Assignment:
Where the string "proof" appears in a line of the material below, copy that line.

START Input data

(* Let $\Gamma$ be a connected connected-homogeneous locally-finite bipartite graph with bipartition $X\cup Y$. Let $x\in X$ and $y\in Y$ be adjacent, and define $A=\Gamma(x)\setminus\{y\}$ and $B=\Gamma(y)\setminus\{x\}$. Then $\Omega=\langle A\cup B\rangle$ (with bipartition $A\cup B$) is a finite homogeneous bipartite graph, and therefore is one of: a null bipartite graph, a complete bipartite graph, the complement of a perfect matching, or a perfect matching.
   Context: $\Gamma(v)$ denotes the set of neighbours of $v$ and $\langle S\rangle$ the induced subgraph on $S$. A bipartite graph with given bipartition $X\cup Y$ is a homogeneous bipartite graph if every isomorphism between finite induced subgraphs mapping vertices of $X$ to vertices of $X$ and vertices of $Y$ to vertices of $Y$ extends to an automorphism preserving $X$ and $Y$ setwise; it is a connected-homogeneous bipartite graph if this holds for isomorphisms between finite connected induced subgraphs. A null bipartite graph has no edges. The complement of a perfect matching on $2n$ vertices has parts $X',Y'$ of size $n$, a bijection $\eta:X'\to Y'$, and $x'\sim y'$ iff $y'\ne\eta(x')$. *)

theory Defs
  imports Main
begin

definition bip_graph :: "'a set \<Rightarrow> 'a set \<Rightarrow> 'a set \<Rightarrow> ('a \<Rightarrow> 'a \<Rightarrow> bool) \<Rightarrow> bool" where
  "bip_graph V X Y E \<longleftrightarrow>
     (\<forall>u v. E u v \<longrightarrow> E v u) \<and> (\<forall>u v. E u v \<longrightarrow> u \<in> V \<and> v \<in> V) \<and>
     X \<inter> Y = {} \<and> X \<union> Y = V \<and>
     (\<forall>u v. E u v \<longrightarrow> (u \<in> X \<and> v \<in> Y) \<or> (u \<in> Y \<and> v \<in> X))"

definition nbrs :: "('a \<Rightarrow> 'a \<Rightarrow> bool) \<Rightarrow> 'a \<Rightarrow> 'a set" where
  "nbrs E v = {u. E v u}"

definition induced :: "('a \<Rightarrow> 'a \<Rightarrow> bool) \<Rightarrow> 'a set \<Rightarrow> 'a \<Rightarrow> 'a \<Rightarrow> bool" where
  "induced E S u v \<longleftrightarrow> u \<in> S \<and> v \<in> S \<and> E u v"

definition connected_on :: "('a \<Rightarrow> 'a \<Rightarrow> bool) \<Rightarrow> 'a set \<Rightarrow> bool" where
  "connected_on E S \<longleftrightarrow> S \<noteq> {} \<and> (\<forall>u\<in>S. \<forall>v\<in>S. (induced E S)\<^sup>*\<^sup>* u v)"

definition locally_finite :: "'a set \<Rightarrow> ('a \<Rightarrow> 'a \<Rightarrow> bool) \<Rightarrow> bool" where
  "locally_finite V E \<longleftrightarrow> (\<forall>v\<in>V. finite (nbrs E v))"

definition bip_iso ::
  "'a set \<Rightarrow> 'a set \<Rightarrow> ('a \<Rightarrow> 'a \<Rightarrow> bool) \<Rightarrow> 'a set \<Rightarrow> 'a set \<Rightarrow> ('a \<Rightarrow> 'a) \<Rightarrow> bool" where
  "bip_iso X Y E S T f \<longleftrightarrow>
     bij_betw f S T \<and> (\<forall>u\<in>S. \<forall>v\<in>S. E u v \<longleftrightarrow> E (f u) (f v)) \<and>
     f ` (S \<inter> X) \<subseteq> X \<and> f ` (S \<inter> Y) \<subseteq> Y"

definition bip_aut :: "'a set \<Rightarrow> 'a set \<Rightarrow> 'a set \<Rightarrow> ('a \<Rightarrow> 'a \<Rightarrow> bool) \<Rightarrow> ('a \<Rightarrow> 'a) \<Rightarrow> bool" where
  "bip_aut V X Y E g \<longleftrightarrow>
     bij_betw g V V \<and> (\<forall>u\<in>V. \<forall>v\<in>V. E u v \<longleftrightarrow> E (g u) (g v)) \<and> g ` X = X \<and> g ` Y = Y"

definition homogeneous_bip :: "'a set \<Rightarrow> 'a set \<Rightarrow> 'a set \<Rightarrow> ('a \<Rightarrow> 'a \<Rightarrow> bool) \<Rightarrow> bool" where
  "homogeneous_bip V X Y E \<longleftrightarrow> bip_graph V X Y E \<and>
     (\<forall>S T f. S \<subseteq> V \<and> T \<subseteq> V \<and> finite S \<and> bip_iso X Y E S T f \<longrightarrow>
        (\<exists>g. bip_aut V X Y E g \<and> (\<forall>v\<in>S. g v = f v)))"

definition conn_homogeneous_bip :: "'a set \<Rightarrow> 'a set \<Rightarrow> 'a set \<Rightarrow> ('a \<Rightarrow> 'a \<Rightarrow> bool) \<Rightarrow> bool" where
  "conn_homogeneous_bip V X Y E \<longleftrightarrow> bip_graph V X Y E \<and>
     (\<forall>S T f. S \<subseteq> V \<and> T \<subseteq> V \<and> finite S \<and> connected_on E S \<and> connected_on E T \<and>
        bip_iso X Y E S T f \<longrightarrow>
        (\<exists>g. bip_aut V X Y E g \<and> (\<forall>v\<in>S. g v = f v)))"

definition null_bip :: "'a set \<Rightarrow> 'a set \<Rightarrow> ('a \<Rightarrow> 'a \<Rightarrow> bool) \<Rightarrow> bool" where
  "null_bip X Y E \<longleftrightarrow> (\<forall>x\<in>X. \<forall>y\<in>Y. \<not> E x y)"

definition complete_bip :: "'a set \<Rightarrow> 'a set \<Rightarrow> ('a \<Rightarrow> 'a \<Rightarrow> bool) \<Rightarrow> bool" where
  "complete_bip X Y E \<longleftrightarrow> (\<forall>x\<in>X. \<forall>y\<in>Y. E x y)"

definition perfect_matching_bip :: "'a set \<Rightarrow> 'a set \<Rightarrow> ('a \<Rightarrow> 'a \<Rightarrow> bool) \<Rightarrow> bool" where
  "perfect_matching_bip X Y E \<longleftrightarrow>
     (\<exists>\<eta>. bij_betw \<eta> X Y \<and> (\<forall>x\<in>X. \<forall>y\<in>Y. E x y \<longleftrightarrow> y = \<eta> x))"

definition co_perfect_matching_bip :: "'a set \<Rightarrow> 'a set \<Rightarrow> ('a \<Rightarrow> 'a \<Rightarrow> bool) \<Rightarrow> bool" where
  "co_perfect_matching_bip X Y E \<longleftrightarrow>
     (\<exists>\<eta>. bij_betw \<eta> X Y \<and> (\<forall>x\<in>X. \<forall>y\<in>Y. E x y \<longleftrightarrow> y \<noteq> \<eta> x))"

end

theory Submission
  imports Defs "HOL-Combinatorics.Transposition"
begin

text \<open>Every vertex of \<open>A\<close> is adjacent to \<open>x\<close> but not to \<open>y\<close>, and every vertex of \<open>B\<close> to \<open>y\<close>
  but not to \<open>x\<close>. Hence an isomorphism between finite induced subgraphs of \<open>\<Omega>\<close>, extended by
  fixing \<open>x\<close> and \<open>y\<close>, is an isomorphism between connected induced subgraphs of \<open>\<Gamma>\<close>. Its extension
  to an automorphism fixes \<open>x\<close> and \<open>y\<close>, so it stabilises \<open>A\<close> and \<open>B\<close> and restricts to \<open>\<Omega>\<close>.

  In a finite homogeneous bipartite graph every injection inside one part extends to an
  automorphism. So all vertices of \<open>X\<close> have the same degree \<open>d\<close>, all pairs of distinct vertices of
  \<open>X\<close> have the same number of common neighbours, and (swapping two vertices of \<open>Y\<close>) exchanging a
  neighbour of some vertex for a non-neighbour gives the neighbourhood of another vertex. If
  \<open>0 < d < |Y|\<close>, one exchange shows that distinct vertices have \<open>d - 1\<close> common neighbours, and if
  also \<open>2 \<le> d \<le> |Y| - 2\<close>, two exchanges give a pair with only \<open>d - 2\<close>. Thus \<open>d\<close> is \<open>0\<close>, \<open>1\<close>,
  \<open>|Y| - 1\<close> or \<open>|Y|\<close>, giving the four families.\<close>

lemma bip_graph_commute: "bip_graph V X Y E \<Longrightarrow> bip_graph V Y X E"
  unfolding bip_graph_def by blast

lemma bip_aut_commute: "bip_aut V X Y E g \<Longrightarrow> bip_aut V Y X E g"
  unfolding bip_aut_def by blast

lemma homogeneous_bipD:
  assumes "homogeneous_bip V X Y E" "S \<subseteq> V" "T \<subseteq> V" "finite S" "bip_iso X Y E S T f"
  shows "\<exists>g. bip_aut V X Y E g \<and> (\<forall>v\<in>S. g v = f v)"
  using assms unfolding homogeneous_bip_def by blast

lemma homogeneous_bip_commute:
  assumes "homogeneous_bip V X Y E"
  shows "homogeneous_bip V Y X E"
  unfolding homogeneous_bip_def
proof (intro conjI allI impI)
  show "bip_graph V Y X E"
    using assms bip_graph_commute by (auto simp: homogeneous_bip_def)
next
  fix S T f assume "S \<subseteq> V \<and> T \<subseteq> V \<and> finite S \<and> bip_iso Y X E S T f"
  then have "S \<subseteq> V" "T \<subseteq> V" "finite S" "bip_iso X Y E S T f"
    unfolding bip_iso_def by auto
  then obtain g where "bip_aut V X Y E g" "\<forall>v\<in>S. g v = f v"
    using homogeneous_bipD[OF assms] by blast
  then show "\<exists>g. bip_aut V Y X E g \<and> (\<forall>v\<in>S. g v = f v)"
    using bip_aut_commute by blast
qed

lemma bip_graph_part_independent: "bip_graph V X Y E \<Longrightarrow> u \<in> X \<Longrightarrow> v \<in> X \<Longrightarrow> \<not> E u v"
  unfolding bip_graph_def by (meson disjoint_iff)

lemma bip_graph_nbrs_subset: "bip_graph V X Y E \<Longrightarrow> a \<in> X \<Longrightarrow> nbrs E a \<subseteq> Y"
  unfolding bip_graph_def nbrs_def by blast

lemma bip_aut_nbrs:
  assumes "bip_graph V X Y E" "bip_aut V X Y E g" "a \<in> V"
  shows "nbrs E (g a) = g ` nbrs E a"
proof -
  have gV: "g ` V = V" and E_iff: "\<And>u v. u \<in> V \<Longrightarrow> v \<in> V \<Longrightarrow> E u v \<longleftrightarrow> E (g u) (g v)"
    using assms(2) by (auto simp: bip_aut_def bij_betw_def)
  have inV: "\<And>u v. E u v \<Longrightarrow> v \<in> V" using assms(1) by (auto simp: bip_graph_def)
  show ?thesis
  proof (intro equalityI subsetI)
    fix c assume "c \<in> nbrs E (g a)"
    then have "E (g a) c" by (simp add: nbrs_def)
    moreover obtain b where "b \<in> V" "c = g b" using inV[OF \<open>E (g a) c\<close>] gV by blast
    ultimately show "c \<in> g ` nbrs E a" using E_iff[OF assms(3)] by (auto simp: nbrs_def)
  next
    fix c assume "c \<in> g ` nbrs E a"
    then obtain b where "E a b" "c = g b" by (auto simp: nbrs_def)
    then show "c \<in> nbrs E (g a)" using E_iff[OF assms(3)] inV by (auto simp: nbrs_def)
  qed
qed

END Input data

Task answer:
proof (intro conjI allI impI)
proof -
  proof (intro equalityI subsetI)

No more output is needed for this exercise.